§ TASK STATEMENT
Copy whichever lines of the data hold the word "infinity".

§ DATA EXTRACT
definition is_l1_min :: "nat \<Rightarrow> ((nat \<Rightarrow> real) \<Rightarrow> (nat \<Rightarrow> real)) \<Rightarrow> real \<Rightarrow> (nat \<Rightarrow> real) \<Rightarrow> bool" where
  "is_l1_min d g lam b \<longleftrightarrow> supp_in d b \<and> supn d (g b) \<le> lam \<and>
     (\<forall>c. supp_in d c \<and> supn d (g c) \<le> lam \<longrightarrow> l1 d b \<le> l1 d c)"

definition Shat :: "nat \<Rightarrow> (nat \<Rightarrow> real) \<Rightarrow> ((nat \<Rightarrow> real) \<Rightarrow> (nat \<Rightarrow> real)) \<Rightarrow> (nat \<Rightarrow> real) \<Rightarrow> real" where
  "Shat d v tz \<beta> = (\<Sum>k<d. v k * tz \<beta> k)"

end

theory Submission
  imports Defs
begin

text \<open>On an event whose probability tends to one, the empirical score
\<open>\<theta> \<mapsto> \<hat>S(\<hat>\<beta>\<^sub>\<theta>)\<close> is close at the two points \<open>\<theta>\<^sup>* \<plusminus> \<epsilon>\<close> to the population score
\<open>\<theta> \<mapsto> v\<^sup>*\<^sup>T E\<^sub>t(\<beta>\<^sup>*\<^sub>\<theta>)\<close>: a mean value expansion along the segment from \<open>\<beta>\<^sup>*\<^sub>\<theta>\<close> to
\<open>\<hat>\<beta>\<^sub>\<theta>\<close> bounds the difference by the concentration radii and the \<open>L\<^sub>1\<close> errors of
\<open>\<hat>\<beta>\<close> and \<open>\<hat>v\<close>. The population score changes sign between \<open>\<theta>\<^sup>* - \<epsilon>\<close> and \<open>\<theta>\<^sup>* + \<epsilon>\<close>,
hence so does the empirical one, and the intermediate value theorem (continuous case
with a unique root) or monotonicity traps \<open>\<tilde>\<theta>\<close> between these two points.\<close>

lemma supn_ge: "j < d \<Longrightarrow> \<bar>x j\<bar> \<le> supn d x"
  unfolding supn_def by (intro Max_ge) auto

lemma supn_nonneg: "0 \<le> supn d x"
  unfolding supn_def by (intro Max_ge) auto

lemma l1_nonneg: "0 \<le> l1 d x"
  unfolding l1_def by (intro sum_nonneg) auto

lemma l1_scale: "l1 d (\<lambda>j. c * h j) = \<bar>c\<bar> * l1 d h"
  unfolding l1_def by (simp add: abs_mult sum_distrib_left)

lemma frechet_diff_directional_deriv:
  assumes fd: "frechet_diff d f D x" and h: "supp_in d h"
  shows "((\<lambda>s. f (\<lambda>j. x j + (s - s0) * h j)) has_real_derivative (\<Sum>j<d. D j * h j)) (at s0)"
proof -
  define L where "L = l1 d h"
  have L0: "0 \<le> L" unfolding L_def by (rule l1_nonneg)
  have x0: "(\<lambda>j. x j + (s0 - s0) * h j) = x" by auto
  show ?thesis
    unfolding has_field_derivative_iff x0
  proof (rule LIM_I)
    fix r :: real assume r: "0 < r"
    define e where "e = r / (L + 1)"
    have e: "0 < e" using r L0 unfolding e_def by auto
    from fd e obtain \<delta> where \<delta>: "\<delta> > 0" and small: "\<forall>h. supp_in d h \<and> l1 d h < \<delta> \<longrightarrow>
        \<bar>f (\<lambda>j. x j + h j) - f x - (\<Sum>j<d. D j * h j)\<bar> \<le> e * l1 d h"
      unfolding frechet_diff_def by blast
    show "\<exists>s>0. \<forall>y. y \<noteq> s0 \<and> norm (y - s0) < s \<longrightarrow>
           norm ((f (\<lambda>j. x j + (y - s0) * h j) - f x) / (y - s0) - (\<Sum>j<d. D j * h j)) < r"
    proof (intro exI[of _ "\<delta> / (L + 1)"] conjI allI impI)
      show "0 < \<delta> / (L + 1)" using \<delta> L0 by auto
      fix y assume y: "y \<noteq> s0 \<and> norm (y - s0) < \<delta> / (L + 1)"
      define c where "c = y - s0"
      have c0: "c \<noteq> 0" using y unfolding c_def by auto
      have "\<bar>c\<bar> * L \<le> \<delta> / (L + 1) * L" using y L0 unfolding c_def by (intro mult_right_mono) auto
      also have "\<dots> < \<delta>" using \<delta> L0 by (simp add: field_simps)
      finally have "l1 d (\<lambda>j. c * h j) < \<delta>" by (simp add: l1_scale L_def)
      moreover have "supp_in d (\<lambda>j. c * h j)" using h unfolding supp_in_def by auto
      ultimately have "\<bar>f (\<lambda>j. x j + c * h j) - f x - (\<Sum>j<d. D j * (c * h j))\<bar> \<le> e * (\<bar>c\<bar> * L)"
        using small[rule_format, of "\<lambda>j. c * h j"] by (simp add: l1_scale L_def)
      moreover have "(f (\<lambda>j. x j + c * h j) - f x) / c - (\<Sum>j<d. D j * h j)
          = (f (\<lambda>j. x j + c * h j) - f x - (\<Sum>j<d. D j * (c * h j))) / c"
        using c0 by (simp add: field_simps sum_distrib_left)
      ultimately have "\<bar>(f (\<lambda>j. x j + c * h j) - f x) / c - (\<Sum>j<d. D j * h j)\<bar> \<le> e * L"
        using c0 by (simp add: abs_divide divide_le_eq mult_ac)
      also have "e * L < r" using r L0 unfolding e_def by (simp add: field_simps)
      finally show "norm ((f (\<lambda>j. x j + (y - s0) * h j) - f x) / (y - s0) - (\<Sum>j<d. D j * h j)) < r"
        unfolding c_def by simp
    qed
  qed
qed
lemma emeasure_open_cell_pos:
  assumes N: "1 \<le> N" "le_card N (support \<mu>)"
  shows "0 < emeasure \<mu> (open_cell nrm a N)"
proof (cases "N = 1")
  case True
  hence "open_cell nrm a N = UNIV" by (simp add: open_cell_def)
  thus ?thesis by (simp add: emeasure_UNIV)
next
  case False
  have "distortion p (first_pts a N) < distortion p (first_pts a (N - 1))"
    using N False by (intro distortion_first_pts_strict_antimono[OF N(2)]) auto
  moreover have "distortion p (first_pts a N) = distortion p (first_pts a (N - 1))"
    if "emeasure \<mu> (open_cell nrm a N) = 0"
  proof -
    have "AE x in \<mu>. x \<notin> open_cell nrm a N"
      using that open_open_cell by (intro AE_I'[of "open_cell nrm a N"]) (auto simp: sets_eq_borel)
    hence "AE x in \<mu>. dist_powr p (first_pts a N) x = dist_powr p (first_pts a (N - 1)) x"
      by eventually_elim (rule dist_powr_first_pts_outside_open_cell[OF N(1) _ less_imp_le[OF p_pos]])
    thus ?thesis unfolding distortion_def by (rule nn_integral_cong_AE)
  qed
  ultimately show ?thesis
    by (cases "emeasure \<mu> (open_cell nrm a N) = 0") (simp_all add: zero_less_iff_neq_zero)
qed

lemma cond_exp_set_cell_le:
  assumes N: "1 \<le> N" and C: "C \<in> sets borel" "open_cell nrm a N \<subseteq> C" "C \<subseteq> closed_cell nrm a N"
  shows "cond_exp_set \<mu> (\<lambda>x. ennreal (nrm (x - a N) powr p)) C
    \<le> cond_exp_set \<mu> (\<lambda>x. ennreal (nrm (x - b) powr p)) C"
proof -
  define R where "R = (\<integral>\<^sup>+ x\<in>-C. dist_powr p (first_pts a (N - 1)) x \<partial>\<mu>)"
  have "R \<noteq> \<infinity>"
  proof (cases "N = 1")
    case True
    hence "- C = {}" using C(2) by (auto simp: open_cell_def)
    thus ?thesis by (simp add: R_def)
  next
    case False
    have "R \<le> distortion p (first_pts a (N - 1))"
      unfolding R_def distortion_def by (intro nn_integral_mono) (simp split: split_indicator)
    also have "\<dots> < \<infinity>" using N False by (intro distortion_first_pts_finite) simp
    finally show ?thesis by simp
  qed
  have "(\<integral>\<^sup>+ x\<in>C. ennreal (nrm (x - a N) powr p) \<partial>\<mu>) + R = distortion p (first_pts a N)"
    using distortion_first_pts_split_cell[OF N _ C] p_pos by (simp add: R_def)
  also have "\<dots> \<le> distortion p (insert b (first_pts a (N - 1)))"
    using distortion_first_pts_Suc_le[of "N - 1" b] N by simp
  also have "\<dots> \<le> (\<integral>\<^sup>+ x\<in>C. ennreal (nrm (x - b) powr p) \<partial>\<mu>) + R"
    unfolding R_def using C(1) by (intro distortion_insert_le_split) simp_all
  finally have "R + (\<integral>\<^sup>+ x\<in>C. ennreal (nrm (x - a N) powr p) \<partial>\<mu>) \<le> R + (\<integral>\<^sup>+ x\<in>C. ennreal (nrm (x - b) powr p) \<partial>\<mu>)"
    by (simp add: add.commute)
  hence "(\<integral>\<^sup>+ x\<in>C. ennreal (nrm (x - a N) powr p) \<partial>\<mu>) \<le> (\<integral>\<^sup>+ x\<in>C. ennreal (nrm (x - b) powr p) \<partial>\<mu>)"
    using \<open>R \<noteq> \<infinity>\<close> by (simp add: ennreal_add_left_cancel_le)
  thus ?thesis unfolding cond_exp_set_def divide_ennreal_def by (rule mult_right_mono) simp
qed
(* For all integers $n\ge0$ and $d\ge1$ there is an $(n+1)\times(n+1)$ real matrix $M$, with rows and columns indexed by $\{0,1,\dots,n\}$, such that $\gamma_2(M)\le d$ and $M_{st}=s-t$ for all $s,t\in\{0,\dots,n\}$ with $|s-t|\le d$.
   Context: For a real matrix $A$, $\gamma_2(A)=\min\{c(X)c(Y): X^{\mathsf T}Y=A\}$, where $c(X)$ denotes the maximum Euclidean norm of a column of $X$. *)

theory Defs
  imports "HOL-Analysis.Analysis"
begin

text \<open>Matrices are represented as functions nat => nat => real together with
explicit dimensions. A k x m matrix X has entries X l i for l < k, i < m.\<close>

text \<open>Maximum Euclidean norm of a column of a k x m matrix X (m >= 1 assumed where used).\<close>
definition colnorm_max :: "nat \<Rightarrow> nat \<Rightarrow> (nat \<Rightarrow> nat \<Rightarrow> real) \<Rightarrow> real" where
  "colnorm_max k m X = Max ((\<lambda>i. sqrt (\<Sum>l<k. (X l i)\<^sup>2)) ` {..<m})"

definition gamma2 :: "nat \<Rightarrow> nat \<Rightarrow> (nat \<Rightarrow> nat \<Rightarrow> real) \<Rightarrow> real" where
  "gamma2 m n A = Inf {colnorm_max k m X * colnorm_max k n Y | k X Y.
      \<forall>i<m. \<forall>j<n. A i j = (\<Sum>l<k. X l i * Y l j)}"

end

theory Submission
  imports Defs
begin

text \<open>Let \<open>q\<close> be the \<open>\<plusminus>1\<close> square wave of period \<open>4d\<close> (value \<open>1\<close> on the first half of each
period). Its autocorrelation over one period at lag \<open>k \<le> 2d\<close> is the triangle wave \<open>4d - 4k\<close>,
independently of the starting point. Hence with \<open>X l s = q (l + s) / 2\<close> and
\<open>Y l t = q (l + t + d) / 2\<close> (\<open>l < 4d\<close>) the matrix \<open>X\<^sup>T Y\<close> has entry
\<open>(4d - 4(t + d - s)) / 4 = s - t\<close> whenever \<open>\<bar>s - t\<bar> \<le> d\<close>, while every column of \<open>X\<close> and \<open>Y\<close>
has norm \<open>\<surd>d\<close>.\<close>

lemma sum_shift_periodic:
  fixes G :: "nat \<Rightarrow> 'a::ab_group_add"
  assumes periodic: "\<And>j. G (j + m) = G j"
  shows "(\<Sum>l<m. G (l + a)) = (\<Sum>l<m. G l)"
proof (induction a)
  case 0
  then show ?case by simp
next
  case (Suc a)
  have "(\<Sum>l<m. G (l + a)) + G (m + a) = G a + (\<Sum>l<m. G (Suc l + a))"
    using sum.lessThan_Suc_shift[of "\<lambda>l. G (l + a)" m] by (simp add: add.commute)
  moreover have "G (m + a) = G a"
    using periodic[of a] by (simp add: add.commute)
  ultimately show ?case
    using Suc by simp
qed

definition square_wave :: "nat \<Rightarrow> nat \<Rightarrow> real" where
  "square_wave h j = (if j mod (2 * h) < h then 1 else -1)"

lemma square_wave_periodic: "square_wave h (j + 2 * h) = square_wave h j"
  by (simp add: square_wave_def)

lemma square_wave_squared: "(square_wave h j)\<^sup>2 = 1"
  by (simp add: square_wave_def)

lemma square_wave_mult_shift:
  assumes "l < 2 * h" "k \<le> h"
  shows "square_wave h l * square_wave h (l + k) =
           (if l \<in> {h - k..<h} \<union> {2 * h - k..<2 * h} then -1 else 1)"
proof -
  have "(l + k) mod (2 * h) = (if l + k < 2 * h then l + k else l + k - 2 * h)"
    using assms by (auto simp: mod_if)
  then show ?thesis
    using assms by (auto simp: square_wave_def)
qed

lemma square_wave_autocorrelation:
  assumes "k \<le> h"
  shows "(\<Sum>l<2 * h. square_wave h (l + a) * square_wave h (l + a + k)) = 2 * real h - 4 * real k"
proof -
  let ?flips = "{h - k..<h} \<union> {2 * h - k..<2 * h}"
  have card_flips: "card ?flips = 2 * k"
    using assms by (subst card_Un_disjoint) auto
  have "(\<Sum>l<2 * h. square_wave h (l + a) * square_wave h (l + a + k))
          = (\<Sum>l<2 * h. square_wave h l * square_wave h (l + k))"
  proof -
    have "square_wave h (j + 2 * h) * square_wave h (j + 2 * h + k) =
            square_wave h j * square_wave h (j + k)" for j
      using square_wave_periodic[of h "j + k"] by (simp add: square_wave_periodic add_ac)
    from sum_shift_periodic[of "\<lambda>j. square_wave h j * square_wave h (j + k)", OF this]
    show ?thesis
      by (simp add: add.assoc)
  qed
  also have "\<dots> = (\<Sum>l<2 * h. 1 - 2 * of_bool (l \<in> ?flips))"
    using assms by (intro sum.cong) (auto simp: square_wave_mult_shift)
  also have "\<dots> = 2 * real h - 2 * real (card ?flips)"
  proof -
    have "{..<2 * h} \<inter> {l. l \<in> ?flips} = ?flips"
      by auto
    then show ?thesis
      by (simp add: sum_subtractf flip: sum_distrib_left del: Un_iff)
  qed
  finally show ?thesis
    using card_flips by simp
qed

lemma colnorm_max_nonneg:
  assumes "m > 0"
  shows "colnorm_max k m X \<ge> 0"
proof -
  have "sqrt (\<Sum>l<k. (X l 0)\<^sup>2) \<le> colnorm_max k m X"
    unfolding colnorm_max_def using assms by (intro Max_ge) auto
  then show ?thesis
    by (meson order_trans real_sqrt_ge_zero sum_nonneg zero_le_power2)
qed

lemma colnorm_max_const:
  assumes "m > 0" and "\<And>l i. (X l i)\<^sup>2 = c"
  shows "colnorm_max k m X = sqrt (real k * c)"
proof -
  have "(\<lambda>i. sqrt (\<Sum>l<k. (X l i)\<^sup>2)) ` {..<m} = {sqrt (real k * c)}"
    using assms by auto
  then show ?thesis
    unfolding colnorm_max_def by simp
qed

lemma gamma2_le_factorization:
  assumes "m > 0" "n > 0"
    and "\<And>i j. i < m \<Longrightarrow> j < n \<Longrightarrow> A i j = (\<Sum>l<k. X l i * Y l j)"
  shows "gamma2 m n A \<le> colnorm_max k m X * colnorm_max k n Y"
  unfolding gamma2_def
proof (rule cInf_lower)
  show "colnorm_max k m X * colnorm_max k n Y \<in> {colnorm_max k m X * colnorm_max k n Y | k X Y.
          \<forall>i<m. \<forall>j<n. A i j = (\<Sum>l<k. X l i * Y l j)}"
    using assms(3) by blast
  show "bdd_below {colnorm_max k m X * colnorm_max k n Y | k X Y.
          \<forall>i<m. \<forall>j<n. A i j = (\<Sum>l<k. X l i * Y l j)}"
    using assms(1,2) by (intro bdd_belowI[of _ 0]) (auto intro!: mult_nonneg_nonneg colnorm_max_nonneg)
qed

theorem lemma4p18:
  fixes n d :: nat
  assumes "d \<ge> 1"
  shows "\<exists>M :: nat \<Rightarrow> nat \<Rightarrow> real.
           gamma2 (n+1) (n+1) M \<le> real d \<and>
           (\<forall>s\<le>n. \<forall>t\<le>n. \<bar>int s - int t\<bar> \<le> int d \<longrightarrow> M s t = real s - real t)"
proof -
  define X where "X = (\<lambda>l s. square_wave (2 * d) (l + s) / 2)"
  define Y where "Y = (\<lambda>l t. square_wave (2 * d) (l + t + d) / 2)"
  define M where "M = (\<lambda>s t. \<Sum>l<4 * d. X l s * Y l t)"
  have "gamma2 (n + 1) (n + 1) M \<le> colnorm_max (4 * d) (n + 1) X * colnorm_max (4 * d) (n + 1) Y"
    by (rule gamma2_le_factorization) (simp_all add: M_def)
  also have "\<dots> = sqrt (real d) * sqrt (real d)"
    by (subst (1 2) colnorm_max_const[where c = "1/4"])
       (simp_all add: X_def Y_def power_divide square_wave_squared)
  finally have "gamma2 (n + 1) (n + 1) M \<le> real d"
    by simp
  moreover have "M s t = real s - real t" if "\<bar>int s - int t\<bar> \<le> int d" for s t
  proof -
    define k where "k = t + d - s"
    have k: "k \<le> 2 * d" "t + d = s + k"
      using that unfolding k_def by auto
    have "M s t =
        (\<Sum>l<2 * (2 * d). square_wave (2 * d) (l + s) * square_wave (2 * d) (l + s + k)) / 4"
      by (simp add: M_def X_def Y_def sum_divide_distrib k(2) add.assoc)
    also have "\<dots> = (4 * real d - 4 * real k) / 4"
      using square_wave_autocorrelation[OF k(1)] by simp
    finally show ?thesis
      using arg_cong[OF k(2), of real] by simp
  qed
  ultimately show ?thesis
    by blast
qed

end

§ FINAL ANSWER
  have "R \<noteq> \<infinity>"
    also have "\<dots> < \<infinity>" using N False by (intro distortion_first_pts_finite) simp
    using \<open>R \<noteq> \<infinity>\<close> by (simp add: ennreal_add_left_cancel_le)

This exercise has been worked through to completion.